[Collected data]
Start of Block

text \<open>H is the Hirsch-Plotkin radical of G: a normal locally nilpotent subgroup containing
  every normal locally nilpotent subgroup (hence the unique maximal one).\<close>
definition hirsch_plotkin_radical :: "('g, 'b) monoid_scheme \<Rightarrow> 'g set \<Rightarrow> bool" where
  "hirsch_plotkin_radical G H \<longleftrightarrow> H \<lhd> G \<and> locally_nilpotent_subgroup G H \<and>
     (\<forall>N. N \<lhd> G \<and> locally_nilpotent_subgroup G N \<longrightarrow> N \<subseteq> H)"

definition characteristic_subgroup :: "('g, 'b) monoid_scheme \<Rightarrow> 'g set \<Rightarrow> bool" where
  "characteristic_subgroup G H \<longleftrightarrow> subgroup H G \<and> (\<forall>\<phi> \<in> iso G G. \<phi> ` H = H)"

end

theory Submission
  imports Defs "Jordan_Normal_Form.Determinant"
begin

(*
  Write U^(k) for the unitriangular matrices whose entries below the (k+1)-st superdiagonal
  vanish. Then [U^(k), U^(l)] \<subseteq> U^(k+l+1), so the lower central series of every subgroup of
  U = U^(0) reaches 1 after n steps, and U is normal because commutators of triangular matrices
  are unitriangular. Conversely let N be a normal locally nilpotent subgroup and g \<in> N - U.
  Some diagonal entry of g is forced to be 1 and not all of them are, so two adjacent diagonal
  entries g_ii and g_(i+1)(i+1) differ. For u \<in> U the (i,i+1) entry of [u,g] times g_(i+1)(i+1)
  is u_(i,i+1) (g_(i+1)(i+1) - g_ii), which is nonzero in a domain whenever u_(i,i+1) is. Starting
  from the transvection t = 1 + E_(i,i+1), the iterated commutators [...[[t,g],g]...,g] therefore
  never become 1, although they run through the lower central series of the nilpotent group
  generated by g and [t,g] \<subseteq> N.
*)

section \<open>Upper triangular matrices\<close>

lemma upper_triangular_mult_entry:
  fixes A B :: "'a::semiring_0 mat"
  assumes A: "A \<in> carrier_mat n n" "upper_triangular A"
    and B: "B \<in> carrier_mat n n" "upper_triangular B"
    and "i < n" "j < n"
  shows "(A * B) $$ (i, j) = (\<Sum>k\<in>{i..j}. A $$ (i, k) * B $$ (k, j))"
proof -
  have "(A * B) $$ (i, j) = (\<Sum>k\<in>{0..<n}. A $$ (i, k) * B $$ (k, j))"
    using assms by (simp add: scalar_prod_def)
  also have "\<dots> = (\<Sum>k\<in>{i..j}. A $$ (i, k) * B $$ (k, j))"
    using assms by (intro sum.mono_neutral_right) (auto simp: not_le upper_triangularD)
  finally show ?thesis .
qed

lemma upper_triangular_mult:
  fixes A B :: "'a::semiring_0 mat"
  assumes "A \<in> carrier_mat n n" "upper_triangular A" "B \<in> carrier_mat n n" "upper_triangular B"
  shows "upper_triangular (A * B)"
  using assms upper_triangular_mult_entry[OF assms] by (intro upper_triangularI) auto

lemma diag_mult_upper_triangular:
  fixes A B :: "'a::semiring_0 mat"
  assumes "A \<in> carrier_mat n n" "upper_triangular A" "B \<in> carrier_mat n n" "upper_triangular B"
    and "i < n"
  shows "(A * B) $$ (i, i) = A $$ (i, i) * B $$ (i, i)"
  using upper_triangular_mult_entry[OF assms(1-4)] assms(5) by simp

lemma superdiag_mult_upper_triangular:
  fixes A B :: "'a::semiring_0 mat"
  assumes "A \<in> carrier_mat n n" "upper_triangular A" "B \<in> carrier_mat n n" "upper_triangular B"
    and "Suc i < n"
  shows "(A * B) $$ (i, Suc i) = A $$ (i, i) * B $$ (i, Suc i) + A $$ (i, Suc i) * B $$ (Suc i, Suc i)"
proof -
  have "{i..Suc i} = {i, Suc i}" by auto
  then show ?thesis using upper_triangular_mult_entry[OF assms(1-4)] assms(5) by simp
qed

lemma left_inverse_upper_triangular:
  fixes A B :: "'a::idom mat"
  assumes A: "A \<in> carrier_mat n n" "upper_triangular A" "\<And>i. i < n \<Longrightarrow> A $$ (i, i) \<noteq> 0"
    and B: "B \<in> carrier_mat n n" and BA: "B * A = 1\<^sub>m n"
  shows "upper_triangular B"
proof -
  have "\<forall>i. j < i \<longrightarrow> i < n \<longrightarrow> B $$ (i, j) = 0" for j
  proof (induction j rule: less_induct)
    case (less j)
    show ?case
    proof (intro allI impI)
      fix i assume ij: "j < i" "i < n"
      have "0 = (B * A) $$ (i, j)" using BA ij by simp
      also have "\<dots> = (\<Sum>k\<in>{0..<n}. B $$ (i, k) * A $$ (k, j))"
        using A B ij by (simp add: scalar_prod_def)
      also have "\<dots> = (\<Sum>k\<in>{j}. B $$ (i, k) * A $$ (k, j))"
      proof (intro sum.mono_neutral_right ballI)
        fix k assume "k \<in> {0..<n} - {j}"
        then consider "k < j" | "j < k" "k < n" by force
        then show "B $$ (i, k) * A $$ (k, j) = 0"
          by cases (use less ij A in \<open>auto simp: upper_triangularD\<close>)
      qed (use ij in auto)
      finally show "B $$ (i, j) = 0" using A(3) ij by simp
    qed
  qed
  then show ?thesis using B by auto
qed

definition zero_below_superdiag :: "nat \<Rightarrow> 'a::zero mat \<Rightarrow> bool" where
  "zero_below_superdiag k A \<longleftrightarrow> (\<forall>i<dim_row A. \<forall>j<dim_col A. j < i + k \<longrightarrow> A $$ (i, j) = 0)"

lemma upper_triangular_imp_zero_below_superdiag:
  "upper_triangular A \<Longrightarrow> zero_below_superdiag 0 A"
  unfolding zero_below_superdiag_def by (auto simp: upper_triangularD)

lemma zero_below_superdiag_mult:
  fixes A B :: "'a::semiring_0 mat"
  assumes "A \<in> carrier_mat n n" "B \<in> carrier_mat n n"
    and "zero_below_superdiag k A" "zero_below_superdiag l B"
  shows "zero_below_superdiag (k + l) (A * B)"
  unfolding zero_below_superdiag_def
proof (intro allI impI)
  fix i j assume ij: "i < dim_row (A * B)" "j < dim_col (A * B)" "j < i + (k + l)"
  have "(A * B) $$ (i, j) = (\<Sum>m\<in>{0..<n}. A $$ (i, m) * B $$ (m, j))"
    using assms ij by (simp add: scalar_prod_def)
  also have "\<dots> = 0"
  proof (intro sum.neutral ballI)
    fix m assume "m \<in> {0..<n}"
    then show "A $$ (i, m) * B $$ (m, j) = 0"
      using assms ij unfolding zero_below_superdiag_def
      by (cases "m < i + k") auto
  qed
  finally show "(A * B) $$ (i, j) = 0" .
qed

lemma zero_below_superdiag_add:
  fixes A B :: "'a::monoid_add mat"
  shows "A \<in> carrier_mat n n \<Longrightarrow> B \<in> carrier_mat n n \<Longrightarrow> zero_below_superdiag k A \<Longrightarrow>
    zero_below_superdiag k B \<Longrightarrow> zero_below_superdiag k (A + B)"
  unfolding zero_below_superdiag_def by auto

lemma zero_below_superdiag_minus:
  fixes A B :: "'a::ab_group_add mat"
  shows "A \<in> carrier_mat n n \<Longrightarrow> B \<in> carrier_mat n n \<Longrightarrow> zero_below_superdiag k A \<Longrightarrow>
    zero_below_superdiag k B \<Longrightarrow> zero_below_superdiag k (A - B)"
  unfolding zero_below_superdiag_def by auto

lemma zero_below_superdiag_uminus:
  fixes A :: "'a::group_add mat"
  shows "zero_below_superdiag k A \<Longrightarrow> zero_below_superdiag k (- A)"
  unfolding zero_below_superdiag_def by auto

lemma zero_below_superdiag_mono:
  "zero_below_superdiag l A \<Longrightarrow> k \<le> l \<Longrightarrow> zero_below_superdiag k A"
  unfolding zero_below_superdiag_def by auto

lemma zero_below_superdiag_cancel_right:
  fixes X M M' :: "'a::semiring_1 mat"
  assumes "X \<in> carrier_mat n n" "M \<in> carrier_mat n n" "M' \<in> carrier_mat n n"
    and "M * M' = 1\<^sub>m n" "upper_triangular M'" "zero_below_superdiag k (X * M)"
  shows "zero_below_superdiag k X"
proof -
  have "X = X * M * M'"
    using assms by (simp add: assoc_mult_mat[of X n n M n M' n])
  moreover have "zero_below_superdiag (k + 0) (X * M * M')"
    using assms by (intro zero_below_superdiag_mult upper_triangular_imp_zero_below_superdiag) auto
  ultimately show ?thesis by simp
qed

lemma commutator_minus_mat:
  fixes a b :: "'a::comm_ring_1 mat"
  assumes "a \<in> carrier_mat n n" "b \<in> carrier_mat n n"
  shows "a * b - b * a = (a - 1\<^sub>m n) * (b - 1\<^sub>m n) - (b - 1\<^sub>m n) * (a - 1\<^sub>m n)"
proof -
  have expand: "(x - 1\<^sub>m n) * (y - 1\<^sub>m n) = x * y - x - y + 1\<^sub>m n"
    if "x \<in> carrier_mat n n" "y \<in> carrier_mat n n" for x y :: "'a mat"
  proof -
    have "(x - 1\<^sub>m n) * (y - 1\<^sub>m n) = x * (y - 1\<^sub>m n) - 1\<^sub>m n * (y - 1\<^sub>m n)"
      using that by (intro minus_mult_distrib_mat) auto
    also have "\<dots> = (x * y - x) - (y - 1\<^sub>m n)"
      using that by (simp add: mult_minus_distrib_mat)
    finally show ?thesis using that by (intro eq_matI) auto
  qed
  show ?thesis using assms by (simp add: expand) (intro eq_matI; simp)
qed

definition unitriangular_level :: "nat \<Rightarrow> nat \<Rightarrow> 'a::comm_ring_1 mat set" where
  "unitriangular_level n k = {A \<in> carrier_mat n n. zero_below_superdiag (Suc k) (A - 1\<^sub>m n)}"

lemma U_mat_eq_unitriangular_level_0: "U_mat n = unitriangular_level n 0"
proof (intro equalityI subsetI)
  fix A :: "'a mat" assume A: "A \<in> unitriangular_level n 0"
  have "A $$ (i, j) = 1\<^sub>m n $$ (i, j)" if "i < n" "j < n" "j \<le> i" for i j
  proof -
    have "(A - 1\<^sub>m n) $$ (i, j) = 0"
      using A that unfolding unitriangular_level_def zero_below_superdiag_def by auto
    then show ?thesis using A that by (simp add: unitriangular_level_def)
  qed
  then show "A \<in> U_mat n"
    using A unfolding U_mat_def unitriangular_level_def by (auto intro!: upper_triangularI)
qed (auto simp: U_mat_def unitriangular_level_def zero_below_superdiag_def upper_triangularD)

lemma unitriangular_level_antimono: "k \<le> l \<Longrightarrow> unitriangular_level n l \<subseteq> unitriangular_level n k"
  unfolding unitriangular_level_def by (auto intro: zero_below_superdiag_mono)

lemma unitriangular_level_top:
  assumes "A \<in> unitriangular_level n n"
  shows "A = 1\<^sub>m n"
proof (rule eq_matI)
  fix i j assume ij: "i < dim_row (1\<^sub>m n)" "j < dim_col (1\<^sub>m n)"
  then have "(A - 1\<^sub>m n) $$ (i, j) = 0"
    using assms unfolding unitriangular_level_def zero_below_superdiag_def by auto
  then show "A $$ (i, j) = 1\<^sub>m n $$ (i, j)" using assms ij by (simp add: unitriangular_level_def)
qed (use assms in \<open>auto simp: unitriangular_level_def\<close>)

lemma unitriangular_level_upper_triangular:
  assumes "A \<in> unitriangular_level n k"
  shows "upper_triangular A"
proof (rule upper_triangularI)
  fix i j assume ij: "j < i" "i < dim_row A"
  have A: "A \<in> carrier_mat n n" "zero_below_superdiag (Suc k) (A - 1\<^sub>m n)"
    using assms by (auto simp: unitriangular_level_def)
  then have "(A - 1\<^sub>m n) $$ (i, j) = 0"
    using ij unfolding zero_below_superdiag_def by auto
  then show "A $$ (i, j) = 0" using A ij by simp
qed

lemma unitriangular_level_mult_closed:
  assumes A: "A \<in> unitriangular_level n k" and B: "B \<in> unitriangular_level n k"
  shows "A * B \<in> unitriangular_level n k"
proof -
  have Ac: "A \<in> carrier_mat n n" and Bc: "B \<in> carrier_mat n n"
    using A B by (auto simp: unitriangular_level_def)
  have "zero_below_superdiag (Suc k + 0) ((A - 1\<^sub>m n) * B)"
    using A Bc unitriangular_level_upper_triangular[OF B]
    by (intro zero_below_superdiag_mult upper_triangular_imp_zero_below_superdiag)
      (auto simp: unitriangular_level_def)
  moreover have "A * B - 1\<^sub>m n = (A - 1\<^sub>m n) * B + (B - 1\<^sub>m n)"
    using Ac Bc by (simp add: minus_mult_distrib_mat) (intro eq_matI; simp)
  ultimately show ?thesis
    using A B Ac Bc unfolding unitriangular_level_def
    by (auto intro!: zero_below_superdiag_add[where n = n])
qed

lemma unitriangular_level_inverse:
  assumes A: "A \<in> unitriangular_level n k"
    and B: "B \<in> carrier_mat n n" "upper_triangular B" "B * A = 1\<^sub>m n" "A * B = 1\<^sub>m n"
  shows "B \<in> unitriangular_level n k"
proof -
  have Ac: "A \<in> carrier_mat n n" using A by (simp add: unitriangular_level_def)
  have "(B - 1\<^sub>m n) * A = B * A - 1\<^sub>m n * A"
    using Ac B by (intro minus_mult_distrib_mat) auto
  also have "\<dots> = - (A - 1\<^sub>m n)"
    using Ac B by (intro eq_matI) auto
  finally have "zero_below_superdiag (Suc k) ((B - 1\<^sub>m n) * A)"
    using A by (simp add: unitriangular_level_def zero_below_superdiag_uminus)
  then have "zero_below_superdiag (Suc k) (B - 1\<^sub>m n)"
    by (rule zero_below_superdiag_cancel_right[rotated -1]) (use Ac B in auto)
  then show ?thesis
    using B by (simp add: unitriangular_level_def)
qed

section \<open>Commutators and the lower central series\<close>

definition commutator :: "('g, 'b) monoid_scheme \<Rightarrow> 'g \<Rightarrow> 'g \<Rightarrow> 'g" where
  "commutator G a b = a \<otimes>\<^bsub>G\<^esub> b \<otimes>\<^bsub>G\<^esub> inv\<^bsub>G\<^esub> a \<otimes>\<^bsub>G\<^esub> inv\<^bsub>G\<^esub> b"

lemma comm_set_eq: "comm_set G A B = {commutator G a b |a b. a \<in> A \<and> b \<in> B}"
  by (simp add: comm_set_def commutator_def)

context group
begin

End of Block

# [Work task]
Restate word for word the lines of the data above, starting at the line containing "ij by (simp add: unitriangular_level_def)" and ending at the line containing "using ij unfolding", both included, and nothing more.

# [Task solution]
  then show "A $$ (i, j) = 1\<^sub>m n $$ (i, j)" using assms ij by (simp add: unitriangular_level_def)
qed (use assms in \<open>auto simp: unitriangular_level_def\<close>)

lemma unitriangular_level_upper_triangular:
  assumes "A \<in> unitriangular_level n k"
  shows "upper_triangular A"
proof (rule upper_triangularI)
  fix i j assume ij: "j < i" "i < dim_row A"
  have A: "A \<in> carrier_mat n n" "zero_below_superdiag (Suc k) (A - 1\<^sub>m n)"
    using assms by (auto simp: unitriangular_level_def)
  then have "(A - 1\<^sub>m n) $$ (i, j) = 0"
    using ij unfolding zero_below_superdiag_def by auto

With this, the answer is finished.